PROBLEM TO SOLVE =
Every line of the data that includes "metis" should be copied out.

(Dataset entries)
= = = = = = =

lemma Max_zero_one_valued:
  fixes f :: "'a \<Rightarrow> nat"
  assumes "\<forall>t. f t \<in> {0, 1}" and "\<exists>t. P t"
  shows "Max {f t |t. P t} = (if \<exists>t. P t \<and> f t = 1 then 1 else 0)"
proof -
  have sub: "{f t |t. P t} \<subseteq> {0, 1}"
    using assms(1) by (smt (verit) mem_Collect_eq subsetI)
  then have fin: "finite {f t |t. P t}"
    by (rule finite_subset) simp
  show ?thesis
  proof (cases "\<exists>t. P t \<and> f t = 1")
    case True
    with sub fin show ?thesis
      by (intro Max_eqI) auto
  next
    case False
    with assms have "{f t |t. P t} = {0}"
      by fastforce
    with False show ?thesis by simp
  qed
qed

lemma bool_set_singleton:
  fixes A :: "bool set"
  assumes "A \<noteq> {}" and "A \<noteq> UNIV"
  shows "A = {True \<in> A}"
proof -
  have "False \<in> A \<longleftrightarrow> True \<notin> A"
  proof
    show "True \<notin> A" if "False \<in> A"
      using that assms(2) by (auto simp: UNIV_bool)
    show "False \<in> A" if "True \<notin> A"
      using that assms(1) by (metis (full_types) ex_in_conv)
  qed
  then show ?thesis
    by (simp add: set_eq_iff) (metis (full_types))
qed

lemma mod_rotate_inverse:
  fixes j k n :: nat
  assumes "k < n"
  shows "(j + (k + n - j mod n) mod n) mod n = k"
proof -
  have "(j + (k + n - j mod n) mod n) mod n = (j mod n + (k + n - j mod n)) mod n"
    by (simp add: mod_simps)
  also have "j mod n + (k + n - j mod n) = k + n"
    using assms mod_less_divisor[of n j] by linarith
  finally show ?thesis using assms by simp
qed

lemma ex_list_rotated:
  fixes w :: "nat \<Rightarrow> 'a"
  assumes "0 < n"
  shows "\<exists>t. length t = n \<and> (\<forall>l<n. t ! ((j + l) mod n) = w l)"
proof -
  define t where "t = map (\<lambda>k. w ((k + n - j mod n) mod n)) [0..<n]"
  have "length t = n" by (simp add: t_def)
  moreover have "t ! ((j + l) mod n) = w l" if "l < n" for l
  proof -
    have "((j + l) mod n + n - j mod n) mod n = ((j + l) mod n + (n - j mod n)) mod n"
      using assms by simp
    also have "\<dots> = (j mod n + l + (n - j mod n)) mod n"
      by (metis mod_add_left_eq)
    also have "j mod n + l + (n - j mod n) = l + n"
      using assms mod_less_divisor[of n j] by linarith
    finally have "((j + l) mod n + n - j mod n) mod n = l"
      using that by simp
    moreover have "(j + l) mod n < n"
      using assms by simp
    ultimately show ?thesis
      by (simp add: t_def)
  qed
  ultimately show ?thesis by blast
qed

section \<open>Reachability in layered graphs\<close>

fun reach :: "(nat \<Rightarrow> 'a \<Rightarrow> 'a \<Rightarrow> bool) \<Rightarrow> 'a \<Rightarrow> nat \<Rightarrow> 'a set" where
  "reach E b 0 = {b}"
| "reach E b (Suc l) = {y. \<exists>x\<in>reach E b l. E l x y}"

= = = = = = =

SOLUTION =
      using that assms(1) by (metis (full_types) ex_in_conv)
    by (simp add: set_eq_iff) (metis (full_types))
      by (metis mod_add_left_eq)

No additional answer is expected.